### Try it
Beneath this task are records; print exactly the stretch of them from the line with "by (simp add: incid_eq_sum finite_subset" through the line with "by (rule finite_subset[of", both ends included.

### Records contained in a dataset
+++

(* Let $m\ge1$ and let $A_m$ be an $m$-dimensional $\mathbb{Z}/2\mathbb{Z}$-vector space with the trivial partial order. If $m\le4$, there is a graph whose homological additive poset is isomorphic to $A_m$. If $m\ge5$, there is no such graph.
   Context: The trivial partial order on a $\mathbb{Z}/2\mathbb{Z}$-vector space $A$ is the order whose only relations are $0\le a$ and $a\le a$ for all $a\in A$. A graph is a 1-dimensional CW-complex. Each element of $H_1(\Gamma;\mathbb{Z}/2\mathbb{Z})$ is represented by a unique 1-cycle (finite set of edges with every vertex incident to an even number of them, with multiplicity); ordering $H_1$ by inclusion of 1-cycles gives the homological additive poset of $\Gamma$. An isomorphism of additive posets is a bijection that is a group isomorphism and an order isomorphism. *)

theory Defs
  imports Main
begin

text \<open>A graph (1-dimensional CW complex, loops and multiple edges allowed) is given by
a vertex set V, an edge set E and an endpoint map; each edge e in E has endpoints
fst (ends e) and snd (ends e) in V (equal for a loop).\<close>

definition graph :: "'v set \<Rightarrow> 'e set \<Rightarrow> ('e \<Rightarrow> 'v \<times> 'v) \<Rightarrow> bool" where
  "graph V E ends \<longleftrightarrow> (\<forall>e\<in>E. fst (ends e) \<in> V \<and> snd (ends e) \<in> V)"

text \<open>Number of edge-ends of the edge set C at vertex v (a loop counts twice).\<close>
definition incid :: "('e \<Rightarrow> 'v \<times> 'v) \<Rightarrow> 'e set \<Rightarrow> 'v \<Rightarrow> nat" where
  "incid ends C v = card {e\<in>C. fst (ends e) = v} + card {e\<in>C. snd (ends e) = v}"

text \<open>Mod-2 1-cycles: finite edge sets with even incidence at every vertex.
These are in bijection with H_1(Gamma; Z/2).\<close>
definition cycles :: "'v set \<Rightarrow> 'e set \<Rightarrow> ('e \<Rightarrow> 'v \<times> 'v) \<Rightarrow> 'e set set" where
  "cycles V E ends = {C. finite C \<and> C \<subseteq> E \<and> (\<forall>v\<in>V. even (incid ends C v))}"

text \<open>Addition in Z/2 vector spaces of sets: symmetric difference.\<close>
definition symdiff :: "'a set \<Rightarrow> 'a set \<Rightarrow> 'a set" where
  "symdiff A B = (A - B) \<union> (B - A)"

text \<open>A_m: the m-dimensional Z/2-vector space, modelled as subsets of {..<m} with
symmetric difference; trivial partial order: a \<le> b iff a = 0 or a = b.\<close>
definition Am :: "nat \<Rightarrow> nat set set" where
  "Am m = Pow {..<m}"

definition triv_le :: "'a set \<Rightarrow> 'a set \<Rightarrow> bool" where
  "triv_le a b \<longleftrightarrow> a = {} \<or> a = b"

text \<open>Isomorphism of additive posets between the homological additive poset
(cycles, symmetric difference, inclusion) and A_m (trivial order).\<close>
definition hom_poset_iso_Am :: "'v set \<Rightarrow> 'e set \<Rightarrow> ('e \<Rightarrow> 'v \<times> 'v) \<Rightarrow> nat \<Rightarrow> bool" where
  "hom_poset_iso_Am V E ends m \<longleftrightarrow>
     (\<exists>f. bij_betw f (cycles V E ends) (Am m)
        \<and> (\<forall>C\<in>cycles V E ends. \<forall>D\<in>cycles V E ends. f (symdiff C D) = symdiff (f C) (f D))
        \<and> (\<forall>C\<in>cycles V E ends. \<forall>D\<in>cycles V E ends. C \<subseteq> D \<longleftrightarrow> triv_le (f C) (f D)))"

end

theory Submission
  imports Defs
begin

text \<open>Since the cycle space Z of a graph is closed under symmetric difference, its inclusion
order is trivial exactly when any two nonzero cycles share an edge: a cycle D disjoint from
C would give C \<subseteq> C + D. Such intersecting cycle spaces have at most 16 elements. By
induction on the number of edges one may delete edges lying on no cycle and suppress
vertices of degree two. If some at most four edges span at most as many vertices, they
contain a nonzero cycle C with |C| \<le> 4, and D \<mapsto> D \<inter> C is injective on Z, so
|Z| \<le> 2^4. Otherwise the graph has minimum degree three and girth at least five, hence at
least 1 + 3 + 6 vertices; but deleting an edge of a cycle halves Z, so |Z| \<le> 32 by
induction, and dim Z \<ge> |E| - |V| + 1 together with 3|V| \<le> 2|E| leaves at most 8
vertices. Conversely K(3,3) has an intersecting cycle space of dimension 4, and removing
chords of a spanning tree lowers the dimension one at a time.\<close>

section \<open>Cycle spaces of edge sets\<close>

definition edge_deg :: "('e \<Rightarrow> 'v \<times> 'v) \<Rightarrow> 'e \<Rightarrow> 'v \<Rightarrow> nat" where
  "edge_deg ends e v = (if fst (ends e) = v then 1 else 0) + (if snd (ends e) = v then 1 else 0)"

definition edge_ends :: "('e \<Rightarrow> 'v \<times> 'v) \<Rightarrow> 'e \<Rightarrow> 'v set" where
  "edge_ends ends e = {fst (ends e), snd (ends e)}"

definition verts :: "('e \<Rightarrow> 'v \<times> 'v) \<Rightarrow> 'e set \<Rightarrow> 'v set" where
  "verts ends F = \<Union> (edge_ends ends ` F)"

text \<open>Unlike \<open>cycles\<close>, parity is required at every vertex; vertices not touched by F
have incidence 0 anyway.\<close>

definition cycle_space :: "('e \<Rightarrow> 'v \<times> 'v) \<Rightarrow> 'e set \<Rightarrow> 'e set set" where
  "cycle_space ends F = {C. C \<subseteq> F \<and> (\<forall>v. even (incid ends C v))}"

definition intersecting :: "'a set set \<Rightarrow> bool" where
  "intersecting Z \<longleftrightarrow> (\<forall>C\<in>Z. \<forall>D\<in>Z. C \<noteq> {} \<longrightarrow> D \<noteq> {} \<longrightarrow> C \<inter> D \<noteq> {})"

lemma incid_eq_sum: "finite C \<Longrightarrow> incid ends C v = (\<Sum>e\<in>C. edge_deg ends e v)"
  by (simp add: incid_def edge_deg_def sum.distrib sum.If_cases Int_def)

lemma finite_verts: "finite F \<Longrightarrow> finite (verts ends F)"
  by (simp add: verts_def edge_ends_def)

lemma verts_mono: "C \<subseteq> F \<Longrightarrow> verts ends C \<subseteq> verts ends F"
  by (auto simp: verts_def)

lemma incid_outside_verts: "finite C \<Longrightarrow> v \<notin> verts ends C \<Longrightarrow> incid ends C v = 0"
  by (auto simp: incid_eq_sum edge_deg_def verts_def edge_ends_def)

lemma incid_mono: "finite F \<Longrightarrow> C \<subseteq> F \<Longrightarrow> incid ends C v \<le> incid ends F v"
  by (simp add: incid_eq_sum finite_subset sum_mono2)

lemma incid_symdiff:
  assumes "finite C" "finite D"
  shows "incid ends (symdiff C D) v + 2 * incid ends (C \<inter> D) v = incid ends C v + incid ends D v"
proof -
  let ?s = "\<lambda>A. \<Sum>e\<in>A. edge_deg ends e v"
  have "symdiff C D \<union> (C \<inter> D) = C \<union> D" "symdiff C D \<inter> (C \<inter> D) = {}"
    by (auto simp: symdiff_def)
  then have "?s (C \<union> D) = ?s (symdiff C D) + ?s (C \<inter> D)"
    using assms by (metis finite_Un sum.union_disjoint)
  moreover have "?s (C \<union> D) + ?s (C \<inter> D) = ?s C + ?s D"
    using assms by (rule sum.union_inter)
  ultimately show ?thesis
    using assms by (simp add: incid_eq_sum symdiff_def)
qed

lemma even_incid_symdiff:
  "finite C \<Longrightarrow> finite D \<Longrightarrow>
    even (incid ends (symdiff C D) v) \<longleftrightarrow> (even (incid ends C v) \<longleftrightarrow> even (incid ends D v))"
  using incid_symdiff[of C D ends v] by (metis even_add even_mult_iff even_numeral)

lemma symdiff_self [simp]: "symdiff C C = {}"
  by (auto simp: symdiff_def)

lemma symdiff_eq_empty_iff: "symdiff C D = {} \<longleftrightarrow> C = D"
  by (auto simp: symdiff_def)

lemma symdiff_symdiff_cancel [simp]: "symdiff (symdiff C D) D = C"
  by (auto simp: symdiff_def)

lemma finite_cycle_space: "finite F \<Longrightarrow> finite (cycle_space ends F)"
  by (rule finite_subset[of _ "Pow F"]) (auto simp: cycle_space_def)

lemma cycle_space_mono: "F0 \<subseteq> F \<Longrightarrow> cycle_space ends F0 \<subseteq> cycle_space ends F"
  by (auto simp: cycle_space_def)

lemma symdiff_in_cycle_space:
  assumes "finite F" "C \<in> cycle_space ends F" "D \<in> cycle_space ends F"
  shows "symdiff C D \<in> cycle_space ends F"
proof -
  have "finite C" "finite D"
    using assms by (auto simp: cycle_space_def intro: finite_subset)
  then show ?thesis
    using assms even_incid_symdiff[of C D ends] by (auto simp: cycle_space_def symdiff_def)
qed

lemma intersecting_subset: "Z0 \<subseteq> Z \<Longrightarrow> intersecting Z \<Longrightarrow> intersecting Z0"
  by (auto simp: intersecting_def)

lemma intersecting_iff_subset_trivial:
  assumes closed: "\<And>C D. C \<in> Z \<Longrightarrow> D \<in> Z \<Longrightarrow> symdiff C D \<in> Z"
  shows "intersecting Z \<longleftrightarrow> (\<forall>C\<in>Z. \<forall>D\<in>Z. C \<subseteq> D \<longrightarrow> C = {} \<or> C = D)"
proof
  assume Z: "intersecting Z"
  show "\<forall>C\<in>Z. \<forall>D\<in>Z. C \<subseteq> D \<longrightarrow> C = {} \<or> C = D"
  proof (intro ballI impI)
    fix C D assume C: "C \<in> Z" and D: "D \<in> Z" and "C \<subseteq> D"
    then have "symdiff C D = D - C" by (auto simp: symdiff_def)
    then have "D - C \<in> Z" using closed[OF C D] by simp
    then have "C = {} \<or> D - C = {}"
      using Z C unfolding intersecting_def by auto
    then show "C = {} \<or> C = D" using \<open>C \<subseteq> D\<close> by blast
  qed
next
  assume triv: "\<forall>C\<in>Z. \<forall>D\<in>Z. C \<subseteq> D \<longrightarrow> C = {} \<or> C = D"
  show "intersecting Z"
    unfolding intersecting_def
  proof (intro ballI impI notI)
    fix C D assume C: "C \<in> Z" and D: "D \<in> Z" and "C \<noteq> {}" "D \<noteq> {}" "C \<inter> D = {}"
    then have "symdiff C D = C \<union> D" by (auto simp: symdiff_def)
    then have "C \<union> D \<in> Z" using closed[OF C D] by simp
    then have "C = C \<union> D"
      using triv[rule_format, OF C \<open>C \<union> D \<in> Z\<close>] \<open>C \<noteq> {}\<close> by blast
    then show False
      using \<open>D \<noteq> {}\<close> \<open>C \<inter> D = {}\<close> by blast
  qed
qed

section \<open>Counting cycles\<close>

lemma card_cycle_space_le_pow_card:
  assumes "finite F" "intersecting (cycle_space ends F)" "C \<in> cycle_space ends F" "C \<noteq> {}"
  shows "card (cycle_space ends F) \<le> 2 ^ card C"
proof -
  have fC: "finite C" using assms by (auto simp: cycle_space_def intro: finite_subset)
  have "inj_on (\<lambda>D. D \<inter> C) (cycle_space ends F)"
  proof (rule inj_onI)
    fix D1 D2 assume D: "D1 \<in> cycle_space ends F" "D2 \<in> cycle_space ends F" "D1 \<inter> C = D2 \<inter> C"
    have "symdiff D1 D2 \<in> cycle_space ends F" using symdiff_in_cycle_space assms(1) D by blast
    moreover have "symdiff D1 D2 \<inter> C = {}" using D(3) by (auto simp: symdiff_def)
    ultimately have "symdiff D1 D2 = {}"
      using assms(2-4) unfolding intersecting_def by auto
    then show "D1 = D2" by (simp add: symdiff_eq_empty_iff)
  qed
  then have "card (cycle_space ends F) \<le> card (Pow C)"
    by (rule card_inj_on_le) (auto simp: fC)
  then show ?thesis by (simp add: card_Pow fC)
qed

lemma sum_incid_eq_double_card:
  assumes "finite C" "finite U" "verts ends C \<subseteq> U"
  shows "(\<Sum>v\<in>U. incid ends C v) = 2 * card C"
proof -
  have "(\<Sum>v\<in>U. incid ends C v) = (\<Sum>v\<in>U. \<Sum>e\<in>C. edge_deg ends e v)"
    using assms by (simp add: incid_eq_sum)
  also have "\<dots> = (\<Sum>e\<in>C. \<Sum>v\<in>U. edge_deg ends e v)"
    by (rule sum.swap)
  also have "\<dots> = (\<Sum>e\<in>C. 2)"
  proof (rule sum.cong)
    fix e assume "e \<in> C"
    then have "fst (ends e) \<in> U" "snd (ends e) \<in> U" using assms(3) by (auto simp: verts_def edge_ends_def)
    then show "(\<Sum>v\<in>U. edge_deg ends e v) = 2"
      using assms(2) by (simp add: edge_deg_def sum.distrib)
  qed simp
  finally show ?thesis by simp
qed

+++

### Exercise result
  by (simp add: incid_eq_sum finite_subset sum_mono2)

lemma incid_symdiff:
  assumes "finite C" "finite D"
  shows "incid ends (symdiff C D) v + 2 * incid ends (C \<inter> D) v = incid ends C v + incid ends D v"
proof -
  let ?s = "\<lambda>A. \<Sum>e\<in>A. edge_deg ends e v"
  have "symdiff C D \<union> (C \<inter> D) = C \<union> D" "symdiff C D \<inter> (C \<inter> D) = {}"
    by (auto simp: symdiff_def)
  then have "?s (C \<union> D) = ?s (symdiff C D) + ?s (C \<inter> D)"
    using assms by (metis finite_Un sum.union_disjoint)
  moreover have "?s (C \<union> D) + ?s (C \<inter> D) = ?s C + ?s D"
    using assms by (rule sum.union_inter)
  ultimately show ?thesis
    using assms by (simp add: incid_eq_sum symdiff_def)
qed

lemma even_incid_symdiff:
  "finite C \<Longrightarrow> finite D \<Longrightarrow>
    even (incid ends (symdiff C D) v) \<longleftrightarrow> (even (incid ends C v) \<longleftrightarrow> even (incid ends D v))"
  using incid_symdiff[of C D ends v] by (metis even_add even_mult_iff even_numeral)

lemma symdiff_self [simp]: "symdiff C C = {}"
  by (auto simp: symdiff_def)

lemma symdiff_eq_empty_iff: "symdiff C D = {} \<longleftrightarrow> C = D"
  by (auto simp: symdiff_def)

lemma symdiff_symdiff_cancel [simp]: "symdiff (symdiff C D) D = C"
  by (auto simp: symdiff_def)

lemma finite_cycle_space: "finite F \<Longrightarrow> finite (cycle_space ends F)"
  by (rule finite_subset[of _ "Pow F"]) (auto simp: cycle_space_def)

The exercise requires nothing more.